[[ GIVEN RECORDS, beginning ]]
lemma integral_indicator_eq_measure_sigma_sets:
  fixes h :: "'a \<Rightarrow> real"
  assumes M: "sets M = sigma_sets (space M) G" and G: "Int_stable G" "G \<subseteq> Pow (space M)"
    and \<nu>: "prob_space \<nu>" and \<nu>_sets: "sets \<nu> = sets M"
    and h: "integrable M h" and h1: "(\<integral>x. h x \<partial>M) = 1"
    and eq: "\<And>A. A \<in> G \<Longrightarrow> (\<integral>x. indicator A x * h x \<partial>M) = measure \<nu> A"
    and A: "A \<in> sets M"
  shows "(\<integral>x. indicator A x * h x \<partial>M) = measure \<nu> A"
proof -
  interpret prob_space \<nu> by (rule \<nu>)
  have space_\<nu>: "space \<nu> = space M" using sets_eq_imp_space_eq[OF \<nu>_sets] .
  have int: "integrable M (\<lambda>x. indicator B x * h x)" if "B \<in> sets M" for B
    using integrable_mult_indicator[OF that h] by simp
  from G A[unfolded M] show ?thesis
  proof (induct rule: sigma_sets_induct_disjoint)
    case (basic A)
    then show ?case by (rule eq)
  next
    case empty
    then show ?case by simp
  next
    case (compl A)
    have A: "A \<in> sets M" using compl(1) M by simp
    have "(\<integral>x. indicator (space M - A) x * h x \<partial>M) = (\<integral>x. h x - indicator A x * h x \<partial>M)"
      by (rule Bochner_Integration.integral_cong) (auto split: split_indicator)
    also have "\<dots> = 1 - measure \<nu> A" using h int[OF A] h1 compl(2) by simp
    also have "\<dots> = measure \<nu> (space M - A)"
      using prob_compl[of A] A \<nu>_sets space_\<nu> by simp
    finally show ?case .
  next
    case (union A)
    have A: "A i \<in> sets M" for i using union(2) M by auto
    have "(\<integral>x. indicator (\<Union>i. A i) x * h x \<partial>M) = (\<Sum>i. \<integral>x. indicator (A i) x * h x \<partial>M)"
      using lebesgue_integral_countable_add[of A M h] A union(1) integrable_mult_indicator[of "\<Union>i. A i" M h] h
      by (auto simp: set_lebesgue_integral_def set_integrable_def disjoint_family_on_def)
    also have "\<dots> = measure \<nu> (\<Union>i. A i)"
    proof -
      have "(\<lambda>i. measure \<nu> (A i)) sums measure \<nu> (\<Union>i. A i)"
        using A union(1) \<nu>_sets by (intro finite_measure_UNION) auto
      then show ?thesis using union(3) by (simp add: sums_iff)
    qed
    finally show ?case .
  qed
qed
(* In an Ehresmann semigroup $S$, we have ${\le_l}\circ{\le_r}={\le_r}\circ{\le_l}$ (as composites of binary relations on $S$).
   Context: A DRC-semigroup is $(S,\cdot,D,R)$, $(S,\cdot)$ a semigroup, $D,R:S\to S$ with, for all $a,b$: $D(a)a=a$, $aR(a)=a$; $D(ab)=D(aD(b))$, $R(ab)=R(R(a)b)$; $D(ab)=D(a)D(ab)D(a)$, $R(ab)=R(b)R(ab)R(b)$; $R(D(a))=D(a)$, $D(R(a))=R(a)$. An Ehresmann semigroup is a DRC-semigroup additionally satisfying $D(a)D(b)=D(b)D(a)$ and $R(a)R(b)=R(b)R(a)$ for all $a,b$. Projections $\mathbf P(S)=\{D(a):a\in S\}$ are ordered by $p\le q\iff p=pq=qp$. On $S$ define $a\le_l b\iff a=pb$ for some $p\in\mathbf P(S)$ with $p\le D(b)$, and $a\le_r b\iff a=bq$ for some $q\in\mathbf P(S)$ with $q\le R(b)$. *)

theory Defs
  imports Main
begin

definition DRC_semigroup :: "('a::semigroup_mult \<Rightarrow> 'a) \<Rightarrow> ('a \<Rightarrow> 'a) \<Rightarrow> bool" where
  "DRC_semigroup D R \<longleftrightarrow>
     (\<forall>a. D a * a = a) \<and> (\<forall>a. a * R a = a) \<and>
     (\<forall>a b. D (a * b) = D (a * D b)) \<and> (\<forall>a b. R (a * b) = R (R a * b)) \<and>
     (\<forall>a b. D (a * b) = D a * D (a * b) * D a) \<and>
     (\<forall>a b. R (a * b) = R b * R (a * b) * R b) \<and>
     (\<forall>a. R (D a) = D a) \<and> (\<forall>a. D (R a) = R a)"

definition Ehresmann_semigroup :: "('a::semigroup_mult \<Rightarrow> 'a) \<Rightarrow> ('a \<Rightarrow> 'a) \<Rightarrow> bool" where
  "Ehresmann_semigroup D R \<longleftrightarrow> DRC_semigroup D R \<and>
     (\<forall>a b. D a * D b = D b * D a) \<and> (\<forall>a b. R a * R b = R b * R a)"

definition projections :: "('a::semigroup_mult \<Rightarrow> 'a) \<Rightarrow> 'a set" where
  "projections D = range D"

definition proj_le :: "'a::semigroup_mult \<Rightarrow> 'a \<Rightarrow> bool" where
  "proj_le p q \<longleftrightarrow> p = p * q \<and> p = q * p"

definition le_l :: "('a::semigroup_mult \<Rightarrow> 'a) \<Rightarrow> 'a rel" where
  "le_l D = {(a, b). \<exists>p \<in> projections D. proj_le p (D b) \<and> a = p * b}"

definition le_r :: "('a::semigroup_mult \<Rightarrow> 'a) \<Rightarrow> ('a \<Rightarrow> 'a) \<Rightarrow> 'a rel" where
  "le_r D R = {(a, b). \<exists>q \<in> projections D. proj_le q (R b) \<and> a = b * q}"

end

theory Submission
  imports Defs
begin

text \<open>
  In an Ehresmann semigroup the projections form a commutative subsemigroup of idempotents.
  Hence every product \<open>p * b\<close> with a projection \<open>p\<close> lies below \<open>b\<close> for \<open>\<le>\<^sub>l\<close>, with the witness
  \<open>p * D b \<le> D b\<close>, and dually \<open>b * q \<le>\<^sub>r b\<close>. So \<open>\<le>\<^sub>l\<close> and \<open>\<le>\<^sub>r\<close> are just left and right
  multiplication by projections, and both composites consist of the pairs \<open>(p * b * q, b)\<close>.
\<close>

locale drc_semigroup =
  fixes D R :: "'a::semigroup_mult \<Rightarrow> 'a"
  assumes drc: "DRC_semigroup D R"
begin

lemma D_mult_self: "D a * a = a"
  using drc by (simp add: DRC_semigroup_def)

lemma mult_R_self: "a * R a = a"
  using drc by (simp add: DRC_semigroup_def)

lemma D_mult_sandwich: "D (a * b) = D a * D (a * b) * D a"
  using drc by (simp add: DRC_semigroup_def)

lemma R_D: "R (D a) = D a"
  using drc by (simp add: DRC_semigroup_def)

lemma D_R: "D (R a) = R a"
  using drc by (simp add: DRC_semigroup_def)

lemma D_D: "D (D a) = D a"
  by (metis R_D D_R)

lemma projections_iff: "p \<in> projections D \<longleftrightarrow> D p = p"
  unfolding projections_def by (metis D_D rangeE rangeI)

lemma R_in_projections: "R a \<in> projections D"
  by (simp add: projections_iff D_R)

lemma projection_idem: "p \<in> projections D \<Longrightarrow> p * p = p"
  by (metis D_mult_self projections_iff)

lemma D_mult_mult_D: "D (a * b) * D a = D (a * b)"
proof -
  have "D a * D a = D a"
    by (simp add: projection_idem projections_def)
  then show ?thesis
    by (metis D_mult_sandwich mult.assoc)
qed

end

(* Commutativity of the R a need not be assumed: R a = D (R a). *)
locale ehresmann_semigroup = drc_semigroup +
  assumes D_commute: "D a * D b = D b * D a"
begin

lemma projections_commute: "p \<in> projections D \<Longrightarrow> q \<in> projections D \<Longrightarrow> p * q = q * p"
  unfolding projections_def using D_commute by auto

lemma mult_in_projections:
  assumes p: "p \<in> projections D" and q: "q \<in> projections D"
  shows "p * q \<in> projections D"
proof -
  have "D (p * q) * p = D (p * q)" and "D (q * p) * q = D (q * p)"
    using D_mult_mult_D p q by (metis projections_iff)+
  then have "D (p * q) * (p * q) = D (p * q)"
    using projections_commute[OF p q] by (metis mult.assoc)
  then have "p * q = D (p * q)"
    by (simp add: D_mult_self)
  then show ?thesis
    by (simp add: projections_iff)
qed

lemma proj_le_mult_left:
  assumes "p \<in> projections D" and "q \<in> projections D"
  shows "proj_le (p * q) q"
  using assms projection_idem projections_commute
  unfolding proj_le_def by (metis mult.assoc)

lemma le_l_iff: "(a, b) \<in> le_l D \<longleftrightarrow> (\<exists>p \<in> projections D. a = p * b)"
proof
  assume "\<exists>p \<in> projections D. a = p * b"
  then obtain p where p: "p \<in> projections D" and a: "a = p * b"
    by blast
  have Db: "D b \<in> projections D"
    by (simp add: projections_def)
  have "a = (p * D b) * b"
    using a D_mult_self by (simp add: mult.assoc)
  then show "(a, b) \<in> le_l D"
    unfolding le_l_def using mult_in_projections[OF p Db] proj_le_mult_left[OF p Db] by blast
qed (auto simp: le_l_def)

lemma le_r_iff: "(a, b) \<in> le_r D R \<longleftrightarrow> (\<exists>q \<in> projections D. a = b * q)"
proof
  assume "\<exists>q \<in> projections D. a = b * q"
  then obtain q where q: "q \<in> projections D" and a: "a = b * q"
    by blast
  have "a = b * (R b * q)"
    using a mult_R_self by (simp flip: mult.assoc)
  moreover have "proj_le (R b * q) (R b)"
    using proj_le_mult_left[OF q R_in_projections] projections_commute[OF q R_in_projections]
    by simp
  ultimately show "(a, b) \<in> le_r D R"
    unfolding le_r_def using mult_in_projections[OF R_in_projections q] by blast
qed (auto simp: le_r_def)

lemma le_l_O_le_r:
  "le_l D O le_r D R = {(p * b * q, b) | p b q. p \<in> projections D \<and> q \<in> projections D}"
  (is "_ = ?S")
proof (intro equalityI subsetI)
  fix x assume "x \<in> le_l D O le_r D R"
  then show "x \<in> ?S"
    by (force simp: le_l_iff le_r_iff mult.assoc)
next
  fix x assume "x \<in> ?S"
  then obtain p b q where "x = (p * b * q, b)" "p \<in> projections D" "q \<in> projections D"
    by blast
  then show "x \<in> le_l D O le_r D R"
    by (metis le_l_iff le_r_iff mult.assoc relcompI)
qed

lemma le_r_O_le_l:
  "le_r D R O le_l D = {(p * b * q, b) | p b q. p \<in> projections D \<and> q \<in> projections D}"
  (is "_ = ?S")
proof (intro equalityI subsetI)
  fix x assume "x \<in> le_r D R O le_l D"
  then show "x \<in> ?S"
    by (force simp: le_l_iff le_r_iff mult.assoc)
next
  fix x assume "x \<in> ?S"
  then obtain p b q where "x = (p * b * q, b)" "p \<in> projections D" "q \<in> projections D"
    by blast
  then show "x \<in> le_r D R O le_l D"
    by (metis le_l_iff le_r_iff relcompI)
qed

end

lemma Ehresmann_semigroup_imp_locale:
  "Ehresmann_semigroup D R \<Longrightarrow> ehresmann_semigroup D R"
  by unfold_locales (simp_all add: Ehresmann_semigroup_def)

theorem proposition10p3:
  fixes D R :: "'a::semigroup_mult \<Rightarrow> 'a"
  assumes "Ehresmann_semigroup D R"
  shows "le_l D O le_r D R = le_r D R O le_l D"
proof -
  interpret ehresmann_semigroup D R
    using assms by (rule Ehresmann_semigroup_imp_locale)
  show ?thesis
    by (simp only: le_l_O_le_r le_r_O_le_l)
qed

end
[[ GIVEN RECORDS, end ]]
TASK BRIEF
Please print verbatim each line from the first line of the entries above to the line that contains "G \<Longrightarrow> (\<integral>x.", inclusive, and nothing more.

TASK OUTPUT
lemma integral_indicator_eq_measure_sigma_sets:
  fixes h :: "'a \<Rightarrow> real"
  assumes M: "sets M = sigma_sets (space M) G" and G: "Int_stable G" "G \<subseteq> Pow (space M)"
    and \<nu>: "prob_space \<nu>" and \<nu>_sets: "sets \<nu> = sets M"
    and h: "integrable M h" and h1: "(\<integral>x. h x \<partial>M) = 1"
    and eq: "\<And>A. A \<in> G \<Longrightarrow> (\<integral>x. indicator A x * h x \<partial>M) = measure \<nu> A"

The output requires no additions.